- [Exercise brief] Search the records for the word "also" and report each line that has it.

- [Data to process]
_ _ _

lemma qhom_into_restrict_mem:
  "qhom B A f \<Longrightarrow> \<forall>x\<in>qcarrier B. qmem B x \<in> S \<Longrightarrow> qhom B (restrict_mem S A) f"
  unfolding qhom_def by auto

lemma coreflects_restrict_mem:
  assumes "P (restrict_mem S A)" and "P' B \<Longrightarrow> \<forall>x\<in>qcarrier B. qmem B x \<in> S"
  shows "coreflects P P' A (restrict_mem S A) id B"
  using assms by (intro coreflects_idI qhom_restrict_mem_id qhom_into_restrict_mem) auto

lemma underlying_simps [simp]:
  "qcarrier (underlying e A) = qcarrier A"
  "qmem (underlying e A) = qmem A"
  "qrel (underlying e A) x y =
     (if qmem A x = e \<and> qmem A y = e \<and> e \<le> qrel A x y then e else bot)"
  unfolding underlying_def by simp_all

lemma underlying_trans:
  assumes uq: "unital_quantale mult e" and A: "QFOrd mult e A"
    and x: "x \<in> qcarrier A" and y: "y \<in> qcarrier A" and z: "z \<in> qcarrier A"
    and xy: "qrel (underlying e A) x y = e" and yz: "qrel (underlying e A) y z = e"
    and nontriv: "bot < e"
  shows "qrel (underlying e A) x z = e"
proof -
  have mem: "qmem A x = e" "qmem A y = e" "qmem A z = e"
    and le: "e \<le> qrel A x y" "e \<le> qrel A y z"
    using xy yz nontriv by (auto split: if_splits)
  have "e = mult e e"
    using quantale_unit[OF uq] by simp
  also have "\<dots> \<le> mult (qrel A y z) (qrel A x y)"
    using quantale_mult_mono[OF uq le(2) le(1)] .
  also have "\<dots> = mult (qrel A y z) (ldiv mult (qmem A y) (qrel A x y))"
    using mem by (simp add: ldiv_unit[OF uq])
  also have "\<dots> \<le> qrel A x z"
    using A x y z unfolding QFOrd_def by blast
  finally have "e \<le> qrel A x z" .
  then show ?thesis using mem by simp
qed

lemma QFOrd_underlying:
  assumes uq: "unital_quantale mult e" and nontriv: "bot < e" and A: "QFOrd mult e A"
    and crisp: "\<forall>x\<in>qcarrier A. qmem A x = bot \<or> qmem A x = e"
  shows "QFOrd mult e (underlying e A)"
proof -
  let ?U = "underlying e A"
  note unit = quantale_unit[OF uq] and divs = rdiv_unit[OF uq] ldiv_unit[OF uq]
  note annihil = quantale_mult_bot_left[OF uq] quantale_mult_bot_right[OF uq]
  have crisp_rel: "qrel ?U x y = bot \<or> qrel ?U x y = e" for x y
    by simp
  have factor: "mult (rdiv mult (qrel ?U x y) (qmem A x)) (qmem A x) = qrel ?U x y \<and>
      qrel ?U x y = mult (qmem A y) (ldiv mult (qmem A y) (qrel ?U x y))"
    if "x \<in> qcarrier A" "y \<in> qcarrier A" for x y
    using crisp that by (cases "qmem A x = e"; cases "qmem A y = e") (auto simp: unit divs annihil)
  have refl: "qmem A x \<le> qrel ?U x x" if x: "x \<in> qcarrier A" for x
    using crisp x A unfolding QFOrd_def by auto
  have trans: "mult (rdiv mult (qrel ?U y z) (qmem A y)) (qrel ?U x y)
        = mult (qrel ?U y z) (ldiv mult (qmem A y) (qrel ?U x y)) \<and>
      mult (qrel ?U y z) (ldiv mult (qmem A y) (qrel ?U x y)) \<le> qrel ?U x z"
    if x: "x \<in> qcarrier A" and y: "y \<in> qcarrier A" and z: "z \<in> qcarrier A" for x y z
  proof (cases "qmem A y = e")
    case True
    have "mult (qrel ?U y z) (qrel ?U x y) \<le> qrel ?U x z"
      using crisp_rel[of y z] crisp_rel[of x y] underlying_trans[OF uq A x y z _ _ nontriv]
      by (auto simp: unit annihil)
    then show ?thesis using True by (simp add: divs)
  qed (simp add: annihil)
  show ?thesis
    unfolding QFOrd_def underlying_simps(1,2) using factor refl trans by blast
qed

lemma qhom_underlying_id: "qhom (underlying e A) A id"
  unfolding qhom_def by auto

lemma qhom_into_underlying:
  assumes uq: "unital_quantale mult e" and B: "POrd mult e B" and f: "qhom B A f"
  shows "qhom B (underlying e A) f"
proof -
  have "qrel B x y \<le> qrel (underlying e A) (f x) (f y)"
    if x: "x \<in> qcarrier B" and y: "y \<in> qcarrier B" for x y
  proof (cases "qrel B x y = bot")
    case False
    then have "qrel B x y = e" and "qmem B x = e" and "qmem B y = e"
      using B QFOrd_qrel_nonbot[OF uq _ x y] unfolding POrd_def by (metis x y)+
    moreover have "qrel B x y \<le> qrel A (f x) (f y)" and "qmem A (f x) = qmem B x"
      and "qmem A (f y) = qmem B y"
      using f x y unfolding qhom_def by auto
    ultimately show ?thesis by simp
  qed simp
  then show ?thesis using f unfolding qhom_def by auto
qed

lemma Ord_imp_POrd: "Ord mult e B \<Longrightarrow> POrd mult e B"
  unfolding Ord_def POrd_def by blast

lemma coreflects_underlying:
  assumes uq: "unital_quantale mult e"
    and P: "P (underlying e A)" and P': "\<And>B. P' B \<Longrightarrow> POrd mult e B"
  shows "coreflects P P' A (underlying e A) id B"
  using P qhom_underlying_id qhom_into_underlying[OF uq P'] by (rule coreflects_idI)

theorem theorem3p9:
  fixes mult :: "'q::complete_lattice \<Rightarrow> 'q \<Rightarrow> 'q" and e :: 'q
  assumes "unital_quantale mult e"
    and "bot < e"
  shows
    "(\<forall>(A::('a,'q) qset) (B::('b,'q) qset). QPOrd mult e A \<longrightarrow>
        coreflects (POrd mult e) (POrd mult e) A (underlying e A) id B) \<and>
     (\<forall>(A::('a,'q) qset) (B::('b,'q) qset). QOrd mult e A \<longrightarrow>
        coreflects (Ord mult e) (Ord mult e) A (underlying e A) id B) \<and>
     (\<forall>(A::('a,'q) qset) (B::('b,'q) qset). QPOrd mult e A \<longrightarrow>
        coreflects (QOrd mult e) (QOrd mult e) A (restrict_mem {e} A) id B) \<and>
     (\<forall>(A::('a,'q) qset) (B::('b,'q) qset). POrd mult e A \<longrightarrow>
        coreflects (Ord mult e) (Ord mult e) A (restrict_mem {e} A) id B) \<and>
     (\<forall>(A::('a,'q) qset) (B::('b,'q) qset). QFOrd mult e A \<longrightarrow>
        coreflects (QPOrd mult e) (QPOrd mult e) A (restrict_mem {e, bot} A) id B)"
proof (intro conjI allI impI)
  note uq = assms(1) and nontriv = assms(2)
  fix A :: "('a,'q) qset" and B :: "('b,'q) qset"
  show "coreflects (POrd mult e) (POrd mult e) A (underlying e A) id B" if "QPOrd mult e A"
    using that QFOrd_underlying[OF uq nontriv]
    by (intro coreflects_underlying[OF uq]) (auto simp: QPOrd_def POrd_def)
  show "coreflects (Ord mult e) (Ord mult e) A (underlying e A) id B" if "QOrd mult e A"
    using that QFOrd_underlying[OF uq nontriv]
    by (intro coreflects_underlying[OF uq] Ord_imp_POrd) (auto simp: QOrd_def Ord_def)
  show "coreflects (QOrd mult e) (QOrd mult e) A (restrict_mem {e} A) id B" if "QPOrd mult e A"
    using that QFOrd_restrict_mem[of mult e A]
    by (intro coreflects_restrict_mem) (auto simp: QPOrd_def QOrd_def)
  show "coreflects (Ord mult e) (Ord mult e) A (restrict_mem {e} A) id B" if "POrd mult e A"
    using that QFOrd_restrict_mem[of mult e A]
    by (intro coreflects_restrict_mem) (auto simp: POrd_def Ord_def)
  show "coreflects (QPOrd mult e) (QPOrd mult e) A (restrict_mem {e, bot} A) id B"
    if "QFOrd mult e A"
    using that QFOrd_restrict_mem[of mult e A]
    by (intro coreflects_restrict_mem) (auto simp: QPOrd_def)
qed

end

_ _ _

- [Expected output]
  also have "\<dots> \<le> mult (qrel A y z) (qrel A x y)"
  also have "\<dots> = mult (qrel A y z) (ldiv mult (qmem A y) (qrel A x y))"
  also have "\<dots> \<le> qrel A x z"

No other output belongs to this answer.